The Role of Boundaries in Spiritual Transformation during Lent

Boundaries are a significant part of modern life. For some they play a vital role in maintaining a sense of control and for others they are a challenge to their sense of control. This concept is heightened by the fact that we live in America, a nation built on the idea that boundaries are meant to be broken. In 1893, historian Frederick Jackson Turner, outlined his argument that it had been the frontier, or the boundary between the known and unknown, that had defined American character and democracy. To that point he argued Americans had always identified with the possibilities that lied beyond the boundary and that our desire to know what lies beyond shaped us and instilled a sense of curiosity in the unknown as well as a willingness to cross established boundaries to satisfy that curiosity. Whether it be the Appalachian line drawn by the King in 1763, the countless barriers placed in front of the civil rights of all citizens, or the race to put a man on the moon, Americans have always seen boundary’s, not as a limitation, but as a challenge.

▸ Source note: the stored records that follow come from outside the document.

lemma pdiff_tuI:
  assumes "continuous_on (I \<times> UNIV) (\<lambda>p. F (fst p) (snd p))"
    and dt: "\<And>t u. t \<in> I \<Longrightarrow> ((\<lambda>s. F s u) has_vector_derivative Dt t u) (at t within I)"
    and du: "\<And>t u. t \<in> I \<Longrightarrow> ((\<lambda>v. F t v) has_vector_derivative Du t u) (at u)"
  shows "pdiff_tu I F"
    and "\<And>t u. t \<in> I \<Longrightarrow> dT I F t u = Dt t u"
    and "\<And>t u. t \<in> I \<Longrightarrow> dUU F t u = Du t u"
proof -
  show dT_eq: "\<And>t u. t \<in> I \<Longrightarrow> dT I F t u = Dt t u"
    using dt dT_eqI by blast
  show dUU_eq: "\<And>t u. t \<in> I \<Longrightarrow> dUU F t u = Du t u"
    using du dUU_eqI by blast
  show "pdiff_tu I F"
    unfolding pdiff_tu_def using assms dT_eq dUU_eq by simp
qed

lemma smooth_upto_0I:
  assumes "continuous_on (I \<times> UNIV) (\<lambda>p. F (fst p) (snd p))"
    and "\<And>t u. t \<in> I \<Longrightarrow> ((\<lambda>s. F s u) has_vector_derivative Dt t u) (at t within I)"
    and "\<And>t u. t \<in> I \<Longrightarrow> ((\<lambda>v. F t v) has_vector_derivative Du t u) (at u)"
  shows "smooth_upto I 0 F"
  using pdiff_tuI[OF assms] by simp

lemma smooth_upto_SucI:
  assumes "continuous_on (I \<times> UNIV) (\<lambda>p. F (fst p) (snd p))"
    and "\<And>t u. t \<in> I \<Longrightarrow> ((\<lambda>s. F s u) has_vector_derivative Dt t u) (at t within I)"
    and "\<And>t u. t \<in> I \<Longrightarrow> ((\<lambda>v. F t v) has_vector_derivative Du t u) (at u)"
    and "smooth_upto I n Dt" "smooth_upto I n Du"
  shows "smooth_upto I (Suc n) F"
  using pdiff_tuI[OF assms(1-3)] assms(4,5) smooth_upto_cong[of I Dt "dT I F"] smooth_upto_cong[of I Du "dUU F"]
  by simp

lemma smooth_upto_const: "smooth_upto I n (\<lambda>t u. c)"
proof (induction n arbitrary: c)
  case 0
  show ?case
    by (rule smooth_upto_0I[where Dt="\<lambda>t u. 0" and Du="\<lambda>t u. 0"]) (auto intro: derivative_eq_intros)
next
  case (Suc n)
  show ?case
    by (rule smooth_upto_SucI[OF _ _ _ Suc Suc]) (auto intro: derivative_eq_intros)
qed

lemma smooth_upto_add: "smooth_upto I n F \<Longrightarrow> smooth_upto I n G \<Longrightarrow> smooth_upto I n (\<lambda>t u. F t u + G t u)"
proof (induction n arbitrary: F G)
  case 0
  show ?case
    by (rule smooth_upto_0I[where Dt="\<lambda>t u. dT I F t u + dT I G t u" and Du="\<lambda>t u. dUU F t u + dUU G t u"])
       (auto intro!: derivative_eq_intros continuous_intros smooth_uptoD[OF 0(1)] smooth_uptoD[OF 0(2)])
next
  case (Suc n)
  note F = smooth_upto_SucD[OF Suc.prems(1)] and G = smooth_upto_SucD[OF Suc.prems(2)]
  show ?case
    by (rule smooth_upto_SucI[OF _ _ _ Suc.IH[OF F(1) G(1)] Suc.IH[OF F(2) G(2)]])
       (auto intro!: derivative_eq_intros continuous_intros smooth_uptoD[OF Suc.prems(1)] smooth_uptoD[OF Suc.prems(2)])
qed

lemma smooth_upto_bilinear:
  fixes prod :: "'a::real_normed_vector \<Rightarrow> 'b::real_normed_vector \<Rightarrow> 'c::real_normed_vector"
  assumes bb: "bounded_bilinear prod"
  shows "smooth_upto I n F \<Longrightarrow> smooth_upto I n G \<Longrightarrow> smooth_upto I n (\<lambda>t u. prod (F t u) (G t u))"
proof (induction n arbitrary: F G)
  case 0
  show ?case
    by (rule smooth_upto_0I[where Dt="\<lambda>t u. prod (F t u) (dT I G t u) + prod (dT I F t u) (G t u)"
          and Du="\<lambda>t u. prod (F t u) (dUU G t u) + prod (dUU F t u) (G t u)"])
       (auto intro!: bounded_bilinear.has_vector_derivative[OF bb] bounded_bilinear.continuous_on[OF bb]
          smooth_uptoD[OF 0(1)] smooth_uptoD[OF 0(2)])
next
  case (Suc n)
  note F = smooth_upto_SucD[OF Suc.prems(1)] and G = smooth_upto_SucD[OF Suc.prems(2)]
  show ?case
    by (rule smooth_upto_SucI[OF _ _ _ smooth_upto_add[OF Suc.IH[OF F(3) G(1)] Suc.IH[OF F(1) G(3)]]
          smooth_upto_add[OF Suc.IH[OF F(3) G(2)] Suc.IH[OF F(2) G(3)]]])
       (auto intro!: bounded_bilinear.has_vector_derivative[OF bb] bounded_bilinear.continuous_on[OF bb]
          smooth_uptoD[OF Suc.prems(1)] smooth_uptoD[OF Suc.prems(2)])
qed

lemmas smooth_upto_mult = smooth_upto_bilinear[OF bounded_bilinear_mult]
lemmas smooth_upto_scaleR = smooth_upto_bilinear[OF bounded_bilinear_scaleR]
lemmas smooth_upto_inner = smooth_upto_bilinear[OF bounded_bilinear_inner]
lemmas smooth_upto_cross3 = smooth_upto_bilinear[OF bounded_bilinear_cross3]

lemma smooth_upto_uminus: "smooth_upto I n F \<Longrightarrow> smooth_upto I n (\<lambda>t u. - F t u)"
  using smooth_upto_scaleR[OF smooth_upto_const[of n "- 1"]] by (auto elim: smooth_upto_cong[rotated])

lemma smooth_upto_diff: "smooth_upto I n F \<Longrightarrow> smooth_upto I n G \<Longrightarrow> smooth_upto I n (\<lambda>t u. F t u - G t u)"
  using smooth_upto_add[of n F "\<lambda>t u. - G t u"] smooth_upto_uminus[of n G] by (auto elim: smooth_upto_cong[rotated])
(* Let $d_1,d_2\ge1$ be integers, $p_{i0}<\cdots<p_{id_i}$ reals for $i=1,2$, and $f_i:\{p_{i0},\dots,p_{id_i}\}\to\mathbb{R}$ arbitrary. Let $\sigma=(\sigma_1,\sigma_2)$ with $\sigma_i$ a permutation of $\{0,\dots,d_i\}$ such that $f_i(p_{i,\sigma_i(0)})\le\cdots\le f_i(p_{i,\sigma_i(d_i)})$ for $i=1,2$, and let $\tau=(\tau_1,\tau_2)$ be permutations with $f_1(p_{1,\tau_1(0)})\le\cdots\le f_1(p_{1,\tau_1(d_1)})$ and $f_2(p_{2,\tau_2(0)})\ge\cdots\ge f_2(p_{2,\tau_2(d_2)})$. Put $\psi^\sigma(\boldsymbol{j})=f_1(p_{1,\sigma_1(j_1)})f_2(p_{2,\sigma_2(j_2)})$ and $\psi^\tau(\boldsymbol{j})=f_1(p_{1,\tau_1(j_1)})f_2(p_{2,\tau_2(j_2)})$ for $\boldsymbol{j}\in\{0,\dots,d_1\}\times\{0,\dots,d_2\}$, and $N=d_1+d_2$. Then the set of $(\boldsymbol{x},\boldsymbol{z},\mu)$ with $\boldsymbol{z}\in\{0,1\}^{d_1+d_2}$, $(x_i,\boldsymbol{z}_i)\in B_i$ for $i=1,2$, $\boldsymbol{z}'=(L^\sigma)^{-1}(\boldsymbol{z})$, $\boldsymbol{z}''=(L^\tau)^{-1}(\boldsymbol{z})$ and, for every $\pi\in\Pi$ (with point representation $\boldsymbol{j}^0,\dots,\boldsymbol{j}^N$), $$\mu\le\psi^\sigma(\boldsymbol{j}^0)+\sum_{t\in[N]}(\psi^\sigma(\boldsymbol{j}^t)-\psi^\sigma(\boldsymbol{j}^{t-1}))z'_{\pi_t},\qquad \mu\ge\psi^\tau(\boldsymbol{j}^0)+\sum_{t\in[N]}(\psi^\tau(\boldsymbol{j}^t)-\psi^\tau(\boldsymbol{j}^{t-1}))z''_{\pi_t},$$ is an ideal MIP formulation of $\{(\boldsymbol{x},\mu)\in\mathbb{R}^2\times\mathbb{R}:\mu=f_1(x_1)f_2(x_2),\ x_i\in\{p_{i0},\dots,p_{id_i}\},\ i=1,2\}$.
   Context: Here $n=2$. $\Delta^d=\{\boldsymbol{z}\in\mathbb{R}^d:1\ge z_1\ge\cdots\ge z_d\ge0\}$; $\boldsymbol{z}=(\boldsymbol{z}_1,\boldsymbol{z}_2)$, $\boldsymbol{z}_i\in\mathbb{R}^{d_i}$. $B_i=\{(x_i,\boldsymbol{z}_i):x_i=p_{i0}+\sum_{j\in[d_i]}(p_{ij}-p_{i,j-1})z_{ij},\ \boldsymbol{z}_i\in\Delta^{d_i}\}$. A staircase is $\pi=(\pi_1,\dots,\pi_N)$, $\pi_t=(\pi_t(1),\pi_t(2))$, $\pi_t(1)\in\{1,2\}$, each $i$ occurring as $\pi_t(1)$ exactly $d_i$ times, $\pi_t(2)=|\{s\le t:\pi_s(1)=\pi_t(1)\}|$; $\Pi$ is the set of staircases; $z_{\pi_t}:=z_{\pi_t(1),\pi_t(2)}$; point representation $\boldsymbol{j}^0=(0,0)$, $\boldsymbol{j}^t=\boldsymbol{j}^{t-1}+\boldsymbol{e}_{\pi_t(1)}$. For a permutation $\rho_i$ of $\{0,\dots,d_i\}$: $T_i:\boldsymbol{z}_i\mapsto\boldsymbol{\lambda}_i\in\mathbb{R}^{d_i+1}$, $\lambda_{ij}=z_{ij}-z_{i,j+1}$ ($j=0,\dots,d_i$, $z_{i0}=1$, $z_{i,d_i+1}=0$), $T_i^{-1}:z_{ij}=\sum_{k=j}^{d_i}\lambda_{ik}$; $P^{\rho_i}$ the permutation matrix with $(j,k)$ entry $1$ iff $j=\rho_i(k)$; $L^{\rho_i}=T_i^{-1}\circ P^{\rho_i}\circ T_i$ and $L^\rho(\boldsymbol{z}')=(L^{\rho_1}(\boldsymbol{z}'_1),L^{\rho_2}(\boldsymbol{z}'_2))$ (an invertible affine map). An MIP formulation of $S$ is a polyhedron with binary restrictions whose projection onto original variables equals $S$; ideal means every vertex of the LP relaxation has binary values in the binary-restricted variables. *)

theory Defs
  imports "HOL-Analysis.Analysis" "HOL-Combinatorics.Permutations"
begin
(* For every positive integer $n$, the order supergraph $\mathcal{S}(S_n)$ of the symmetric group $S_n$ is cyclically separable if and only if $n \geq 4$.
   Context: All graphs are simple and undirected. For a finite group $G$, the order supergraph $\mathcal{S}(G)$ is the graph with vertex set $G$ in which two distinct vertices $x,y$ are adjacent if and only if the order of $x$ divides the order of $y$ or the order of $y$ divides the order of $x$. For a graph $\Gamma$, a vertex cutset is a set $S$ of vertices such that $\Gamma - S$ is disconnected; a cyclic vertex cutset is a vertex cutset $S$ such that $\Gamma - S$ has at least two connected components each of which contains a cycle. $\Gamma$ is called cyclically separable if it has a cyclic vertex cutset. *)

theory Defs
  imports "HOL-Algebra.Sym_Groups" "HOL-Algebra.Multiplicative_Group"
begin

text \<open>A simple undirected graph is given by a vertex set V and a symmetric,
irreflexive adjacency predicate E (only its values on V matter).\<close>

definition adj_in :: "'a set \<Rightarrow> ('a \<Rightarrow> 'a \<Rightarrow> bool) \<Rightarrow> 'a \<Rightarrow> 'a \<Rightarrow> bool" where
  "adj_in U E x y \<longleftrightarrow> x \<in> U \<and> y \<in> U \<and> E x y"

definition component_of :: "'a set \<Rightarrow> ('a \<Rightarrow> 'a \<Rightarrow> bool) \<Rightarrow> 'a \<Rightarrow> 'a set" where
  "component_of U E x = {y. (adj_in U E)\<^sup>*\<^sup>* x y}"

definition components :: "'a set \<Rightarrow> ('a \<Rightarrow> 'a \<Rightarrow> bool) \<Rightarrow> 'a set set" where
  "components U E = component_of U E ` U"

definition has_cycle_in :: "'a set \<Rightarrow> ('a \<Rightarrow> 'a \<Rightarrow> bool) \<Rightarrow> bool" where
  "has_cycle_in C E \<longleftrightarrow> (\<exists>xs. length xs \<ge> 3 \<and> distinct xs \<and> set xs \<subseteq> C \<and>
      (\<forall>i < length xs. E (xs ! i) (xs ! ((i + 1) mod length xs))))"

definition vertex_cutset :: "'a set \<Rightarrow> ('a \<Rightarrow> 'a \<Rightarrow> bool) \<Rightarrow> 'a set \<Rightarrow> bool" where
  "vertex_cutset V E S \<longleftrightarrow> S \<subseteq> V \<and> (\<exists>C1 C2. C1 \<in> components (V - S) E \<and>
      C2 \<in> components (V - S) E \<and> C1 \<noteq> C2)"

definition cyclic_vertex_cutset :: "'a set \<Rightarrow> ('a \<Rightarrow> 'a \<Rightarrow> bool) \<Rightarrow> 'a set \<Rightarrow> bool" where
  "cyclic_vertex_cutset V E S \<longleftrightarrow> vertex_cutset V E S \<and>
     (\<exists>C1 C2. C1 \<in> components (V - S) E \<and> C2 \<in> components (V - S) E \<and> C1 \<noteq> C2 \<and>
        has_cycle_in C1 E \<and> has_cycle_in C2 E)"

definition cyclically_separable :: "'a set \<Rightarrow> ('a \<Rightarrow> 'a \<Rightarrow> bool) \<Rightarrow> bool" where
  "cyclically_separable V E \<longleftrightarrow> (\<exists>S. cyclic_vertex_cutset V E S)"

definition order_supergraph_adj :: "('a, 'b) monoid_scheme \<Rightarrow> 'a \<Rightarrow> 'a \<Rightarrow> bool" where
  "order_supergraph_adj G x y \<longleftrightarrow> x \<noteq> y \<and>
     (group.ord G x dvd group.ord G y \<or> group.ord G y dvd group.ord G x)"

end

theory Submission
  imports Defs "HOL-Computational_Algebra.Primes"
begin

text \<open>The identity has order 1, so it is adjacent to every other vertex of the order
  supergraph. A cutset missing it therefore leaves a single component, and a cutset containing
  it leaves fewer than |G| vertices, too few for two disjoint components carrying cycles (three
  vertices each) when |G| \<le> 6, i.e. n \<le> 3. For n \<ge> 4 delete every element whose order is
  neither 2 nor 3: no involution is adjacent to an element of order 3, so both kinds lie in
  different components, and elements of equal order form cliques, which contain triangles
  (three transpositions, three 3-cycles).\<close>

lemma component_of_subset: "x \<in> U \<Longrightarrow> component_of U E x \<subseteq> U"
proof
  fix y assume "x \<in> U" and "y \<in> component_of U E x"
  from \<open>y \<in> component_of U E x\<close> have "(adj_in U E)\<^sup>*\<^sup>* x y"
    by (simp add: component_of_def)
  then show "y \<in> U"
    using \<open>x \<in> U\<close> by (induction rule: rtranclp_induct) (auto simp: adj_in_def)
qed

lemma components_subset: "C \<in> components U E \<Longrightarrow> C \<subseteq> U"
  by (auto simp: components_def dest: component_of_subset)

lemma component_of_invariant:
  assumes step: "\<And>x y. adj_in U E x y \<Longrightarrow> P x \<Longrightarrow> P y"
    and "P x" and "y \<in> component_of U E x"
  shows "P y"
proof -
  from \<open>y \<in> component_of U E x\<close> have "(adj_in U E)\<^sup>*\<^sup>* x y"
    by (simp add: component_of_def)
  then show ?thesis
    using \<open>P x\<close> by (induction rule: rtranclp_induct) (auto intro: step)
qed

lemma component_of_eq:
  assumes "symp E" and "y \<in> component_of U E x"
  shows "component_of U E y = component_of U E x"
proof -
  have "symp (adj_in U E)"
    using \<open>symp E\<close> by (auto simp: adj_in_def intro!: sympI dest: sympD)
  then have "symp (adj_in U E)\<^sup>*\<^sup>*"
    by (rule symp_rtranclp)
  moreover have xy: "(adj_in U E)\<^sup>*\<^sup>* x y"
    using assms(2) by (simp add: component_of_def)
  ultimately have yx: "(adj_in U E)\<^sup>*\<^sup>* y x"
    by (rule sympD)
  show ?thesis
    unfolding component_of_def using xy yx by (auto intro: rtranclp_trans)
qed

lemma components_disjoint:
  assumes "symp E" and "C1 \<in> components U E" "C2 \<in> components U E" "C1 \<noteq> C2"
  shows "C1 \<inter> C2 = {}"
proof (rule ccontr)
  assume "C1 \<inter> C2 \<noteq> {}"
  then obtain z where "z \<in> C1" "z \<in> C2" by blast
  obtain x1 x2 where "C1 = component_of U E x1" "C2 = component_of U E x2"
    using assms(2,3) by (auto simp: components_def)
  with \<open>z \<in> C1\<close> \<open>z \<in> C2\<close> have "C1 = component_of U E z" "C2 = component_of U E z"
    using component_of_eq[OF \<open>symp E\<close>, of z U x1] component_of_eq[OF \<open>symp E\<close>, of z U x2]
    by simp_all
  with \<open>C1 \<noteq> C2\<close> show False
    by simp
qed

lemma components_eq_singleton_if_dominating:
  assumes "symp E" and "u \<in> U" and dom: "\<And>v. v \<in> U \<Longrightarrow> v \<noteq> u \<Longrightarrow> E u v"
  shows "components U E = {component_of U E u}"
proof -
  have mem: "v \<in> component_of U E u" if "v \<in> U" for v
  proof (cases "v = u")
    case False
    with that \<open>u \<in> U\<close> have "adj_in U E u v"
      by (simp add: adj_in_def dom)
    then show ?thesis
      by (simp add: component_of_def)
  qed (simp add: component_of_def)
  have "component_of U E v = component_of U E u" if "v \<in> U" for v
    by (rule component_of_eq[OF \<open>symp E\<close> mem[OF that]])
  then show ?thesis
    unfolding components_def using \<open>u \<in> U\<close> by blast
qed

lemma card_ge_3_if_has_cycle_in:
  assumes "has_cycle_in C E" and "finite C"
  shows "3 \<le> card C"
proof -
  obtain xs where "3 \<le> length xs" "distinct xs" "set xs \<subseteq> C"
    using assms(1) unfolding has_cycle_in_def by blast
  then have "length xs \<le> card C"
    using card_mono[OF \<open>finite C\<close>] by (metis distinct_card)
  with \<open>3 \<le> length xs\<close> show ?thesis
    by simp
qed

lemma has_cycle_in_component_of_triangle:
  assumes "distinct [a, b, c]" "a \<in> U" "b \<in> U" "c \<in> U" "E a b" "E b c" "E c a"
  shows "has_cycle_in (component_of U E a) E"
proof -
  have "(adj_in U E)\<^sup>*\<^sup>* a b" "(adj_in U E)\<^sup>*\<^sup>* b c"
    using assms by (auto simp: adj_in_def)
  then have "set [a, b, c] \<subseteq> component_of U E a"
    by (auto simp: component_of_def)
  moreover have "E ([a, b, c] ! i) ([a, b, c] ! ((i + 1) mod 3))" if "i < 3" for i
  proof -
    from \<open>i < 3\<close> consider "i = 0" | "i = 1" | "i = 2"
      by linarith
    then show ?thesis
      using assms(5-7) by cases simp_all
  qed
  ultimately show ?thesis
    unfolding has_cycle_in_def using assms(1) by (intro exI[of _ "[a, b, c]"]) auto
qed

lemma has_cycle_in_component_of_clique:
  assumes "3 \<le> card T" "T \<subseteq> U"
    and clique: "\<And>x y. x \<in> T \<Longrightarrow> y \<in> T \<Longrightarrow> x \<noteq> y \<Longrightarrow> E x y"
  obtains a where "a \<in> T" "has_cycle_in (component_of U E a) E"
proof -
  obtain T' where "T' \<subseteq> T" "card T' = 3"
    using obtain_subset_with_card_n[OF assms(1)] by metis
  then obtain a b c where abc: "T' = {a, b, c}" "a \<noteq> b" "b \<noteq> c" "a \<noteq> c"
    unfolding card_3_iff by blast
  with \<open>T' \<subseteq> T\<close> have "a \<in> T" "b \<in> T" "c \<in> T"
    by auto
  then have "has_cycle_in (component_of U E a) E"
    using \<open>T \<subseteq> U\<close> abc clique[of a b] clique[of b c] clique[of c a]
    by (intro has_cycle_in_component_of_triangle) auto
  with \<open>a \<in> T\<close> show ?thesis
    by (rule that)
qed
theorem corollary3p12:
  fixes M :: "'a measure"
    and mu :: "nat \<Rightarrow> 'a \<Rightarrow> real ^ 'd"
    and xi :: "nat \<Rightarrow> 'a \<Rightarrow> real ^ 'd"
    and z :: "nat \<Rightarrow> nat"
    and n :: nat and tau sigma :: real
  assumes "prob_space M"
    and "n \<ge> 4" and "tau > 0" and "sigma > 0"
    and "\<And>l. l \<in> {1, 2} \<Longrightarrow> distributed M lborel (mu l) (iso_gauss_density tau)"
    and "\<And>i. i \<in> {1..n} \<Longrightarrow> distributed M lborel (xi i) (iso_gauss_density sigma)"
    and "prob_space.indep_vars M (\<lambda>_. borel) (case_sum mu xi) (Inl ` {1, 2} \<union> Inr ` {1..n})"
    and "\<And>i. i \<in> {1..n} \<Longrightarrow> z i \<in> {1, 2}"
    and "{i\<in>{1..n}. z i = 1} \<noteq> {}" and "{i\<in>{1..n}. z i = 2} \<noteq> {}"
  shows
    "let S1 = {i\<in>{1..n}. z i = 1}; S2 = {i\<in>{1..n}. z i = 2};
         Rstar = real (min (card S1) (card S2)) / real n;
         rho = 1 - (4 * tau\<^sup>2 * Rstar\<^sup>2 / real n / (3 * tau\<^sup>2 + sigma\<^sup>2))\<^sup>2;
         E = {\<omega> \<in> space M. \<exists>C1 C2. C1 \<noteq> {} \<and> C2 \<noteq> {} \<and> C1 \<inter> C2 = {} \<and> C1 \<union> C2 = {1..n}
                \<and> {C1, C2} \<noteq> {S1, S2}
                \<and> hartigan_fixed_point (\<lambda>i. mu (z i) \<omega> + xi i \<omega>) C1 C2}
     in E \<in> sets M \<and> measure M E \<le> 2 ^ n * rho powr (real CARD('d) / 4)"
proof -
  interpret two_cluster_model M mu xi z n tau sigma
    using assms by (intro two_cluster_model.intro two_cluster_model_axioms.intro) simp_all
  show ?thesis
    unfolding Let_def true_cluster_def[symmetric] X_def[symmetric] rho_def[symmetric] incorrect_fixed_points_eq
    using Union_fixed_point_events_measurable prob_incorrect_fixed_points_le ..
qed

end
(* (Discrete inf–sup condition.) There is a constant $\beta>0$, independent of the mesh sizes $h$ and $l$, such that for every admissible discrete displacement $\boldsymbol v=(v^x,v^y)$ $$\sup_{\underline\tau\neq 0}\frac{(D_x\tau^{11}+d_y\tau^{12},v^x)_{TM}+(d_x\tau^{12}+D_y\tau^{22},v^y)_{MT}}{\|\underline\tau\|}\ \ge\ \beta\,\|\boldsymbol v\|,$$ where the supremum is over all nonzero discrete stresses $\underline\tau=(\tau^{11},\tau^{22},\tau^{12})$.
   Context: Let $\Omega=(0,a)\times(0,b)$ with grids $0=x_0<x_1<\dots<x_{n_x}=a$ and $0=y_0<\dots<y_{n_y}=b$. Set $x_{i+1/2}=(x_i+x_{i+1})/2$, $h_{i+1/2}=x_{i+1}-x_i$, $h_i=(h_{i-1/2}+h_{i+1/2})/2$ for $1\le i\le n_x-1$, $h_0=h_{1/2}/2$, $h_{n_x}=h_{n_x-1/2}/2$, $h=\max_i h_{i+1/2}$; analogously $y_{j+1/2}$, $l_{j+1/2}=y_{j+1}-y_j$, $l_j=(l_{j-1/2}+l_{j+1/2})/2$ ($1\le j\le n_y-1$), $l_0=l_{1/2}/2$, $l_{n_y}=l_{n_y-1/2}/2$, $l=\max_j l_{j+1/2}$. For a discrete function $\phi$ write $\phi_{\alpha,\beta}=\phi(x_\alpha,y_\beta)$ ($\alpha,\beta$ integers or half-integers). Difference quotients: $[d_x\phi]_{i+1/2,m}=(\phi_{i+1,m}-\phi_{i,m})/h_{i+1/2}$, $[d_y\phi]_{k,j+1/2}=(\phi_{k,j+1}-\phi_{k,j})/l_{j+1/2}$, $[D_x\phi]_{i,m}=(\phi_{i+1/2,m}-\phi_{i-1/2,m})/h_i$ for $1\le i\le n_x-1$, $[D_y\phi]_{k,j}=(\phi_{k,j+1/2}-\phi_{k,j-1/2})/l_j$ for $1\le j\le n_y-1$, and at the boundary $[D_x\phi]_{0,m}=(\phi_{1/2,m}-\phi_{0,m})/h_0$, $[D_x\phi]_{n_x,m}=(\phi_{n_x,m}-\phi_{n_x-1/2,m})/h_{n_x}$, $[D_y\phi]_{k,0}=(\phi_{k,1/2}-\phi_{k,0})/l_0$, $[D_y\phi]_{k,n_y}=(\phi_{k,n_y}-\phi_{k,n_y-1/2})/l_{n_y}$. Discrete inner products: $(\phi,\theta)_M=\sum_{i=0}^{n_x-1}\sum_{j=0}^{n_y-1}h_{i+1/2}l_{j+1/2}\phi_{i+1/2,j+1/2}\theta_{i+1/2,j+1/2}$; $(\phi,\theta)_T=\sum_{i=0}^{n_x}\sum_{j=0}^{n_y}h_il_j\phi_{i,j}\theta_{i,j}$; $(\phi,\theta)_{TM}=\sum_{i=1}^{n_x-1}\sum_{j=0}^{n_y-1}h_il_{j+1/2}\phi_{i,j+1/2}\theta_{i,j+1/2}$; $(\phi,\theta)_{MT}=\sum_{i=0}^{n_x-1}\sum_{j=1}^{n_y-1}h_{i+1/2}l_j\phi_{i+1/2,j}\theta_{i+1/2,j}$; $\|\phi\|_\xi^2=(\phi,\phi)_\xi$. A discrete stress $\underline\tau=(\tau^{11},\tau^{22},\tau^{12})$ consists of $\tau^{11},\tau^{22}$ defined at cell centers $(x_{i+1/2},y_{j+1/2})$, $0\le i\le n_x-1$, $0\le j\le n_y-1$, and $\tau^{12}$ defined at nodes $(x_i,y_j)$, $0\le i\le n_x$, $0\le j\le n_y$; $\|\underline\tau\|^2=\|\tau^{11}\|_M^2+\|\tau^{22}\|_M^2+\|\tau^{12}\|_T^2$. An admissible discrete displacement $\boldsymbol v=(v^x,v^y)$ consists of $v^x$ defined at the points $(x_i,y_{j+1/2})$ ($0\le i\le n_x,0\le j\le n_y-1$) and $(x_i,y_0),(x_i,y_{n_y})$ ($0\le i\le n_x$), and $v^y$ defined at $(x_{i+1/2},y_j)$ ($0\le i\le n_x-1,0\le j\le n_y$) and $(x_0,y_j),(x_{n_x},y_j)$ ($0\le j\le n_y$), such that $v^x$ and $v^y$ vanish at all of their points lying on $\partial\Omega$; $\|\boldsymbol v\|^2=\|v^x\|_{TM}^2+\|v^y\|_{MT}^2$. *)

theory Defs
  imports Complex_Main
begin

definition valid_grid :: "real \<Rightarrow> nat \<Rightarrow> (nat \<Rightarrow> real) \<Rightarrow> bool" where
  "valid_grid a n x \<longleftrightarrow> 1 \<le> n \<and> x 0 = 0 \<and> x n = a \<and> (\<forall>i<n. x i < x (Suc i))"

definition hh :: "(nat \<Rightarrow> real) \<Rightarrow> nat \<Rightarrow> real" where
  "hh x i = x (Suc i) - x i"

text \<open>hn x n i = h_i (dual mesh size at node i)\<close>
definition hn :: "(nat \<Rightarrow> real) \<Rightarrow> nat \<Rightarrow> nat \<Rightarrow> real" where
  "hn x n i = (if i = 0 then hh x 0 / 2
               else if i = n then hh x (n - 1) / 2
               else (hh x (i - 1) + hh x i) / 2)"

type_synonym gridfun = "nat \<Rightarrow> nat \<Rightarrow> real"

text \<open>Discrete stresses (t11, t22, t12): t11 i j, t22 i j are the values at the cell centre
  (x_{i+1/2}, y_{j+1/2}), i < nx, j < ny; t12 i j is the value at node (x_i, y_j), i \<le> nx, j \<le> ny.\<close>
definition discrete_stresses :: "nat \<Rightarrow> nat \<Rightarrow> (gridfun \<times> gridfun \<times> gridfun) set" where
  "discrete_stresses nx ny = {(t11, t22, t12).
      (\<forall>i j. \<not> (i < nx \<and> j < ny) \<longrightarrow> t11 i j = 0 \<and> t22 i j = 0) \<and>
      (\<forall>i j. \<not> (i \<le> nx \<and> j \<le> ny) \<longrightarrow> t12 i j = 0)}"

For Adam and Eve, the boundary was the tree of the knowledge of good and evil and the serpent was their own curiosity. If God did not want creation to have such knowledge then they would not have created the knowledge in the first place, nor would they have placed it within arm’s reach; I do not believe that the creator of the universe didn’t know that Adam and Eve would eventually eat the forbidden fruit, nor do I believe that God placed the restriction on eating the fruit as some cosmic test. Ultimately this story is just a story that reveals something about human nature. It reveals that when faced with a boundary we have the ability to cross the line, indicating that we have free will, which is vitally important because just as we can choose to ignore boundaries, we can also choose to love.

Prior to the fruit tree incident, Adam and Eve had no reason to fear God; they had no reason to fear anything. But once they ate, they learned the truth, which is that life is hard. They learned about hunger, thirst, pain, and death for the first time. They learned that God had been protecting them from the burden of free will by not denying it to them, but by putting off their loss of innocence for as long as possible. By delaying this inevitable weight of self-determination, the Creator allowed them to remain in a state of grace until they were ready to become the masters of their own destiny. The transition from the Garden to the wilderness was not merely a change in geography; it was a shift in consciousness. In the Garden, boundaries were external, a physical tree and a spoken command, but once that line was crossed, the boundary became internalized. Humanity moved from a state of passive being to a state of active becoming.

We trade the safety of the Garden for the dignity of the “Hard Life” every time we choose to grow. We accept the hunger and the toil because we refuse to be mere spectators in our own lives. We are a people of the frontier, defined not by the fences we build to keep the world out, but by our courage to look past them and ask what lies beyond. In our national history and our spiritual journey, we find that the boundary is not a wall; it is a horizon. It exists to define the moment of our next great choice, reminding us that to be truly human is to stand at the edge of the unknown and decide to step forward.

As we continue our journey through Lent, we find ourselves in our own version of the wilderness, standing between the comfort of what we know and the transformation of what is to come. Lent is, in many ways, a season of intentional boundaries like fasting, discipline, and self-restraint, but these are not meant to imprison us. Rather, like the frontier, these forty days serve as a perimeter that helps us define who we are when the distractions are stripped away. In the wilderness of Lent, we walk the same path Adam and Eve trod when they left the Garden: a path where hunger and thirst are real, but where the opportunity to rely on God’s grace is even more tangible. We use this season to examine the lines we have crossed in error and the new boundaries we must cross in faith, moving ever closer to the ultimate “boundary-breaking” event of the Resurrection.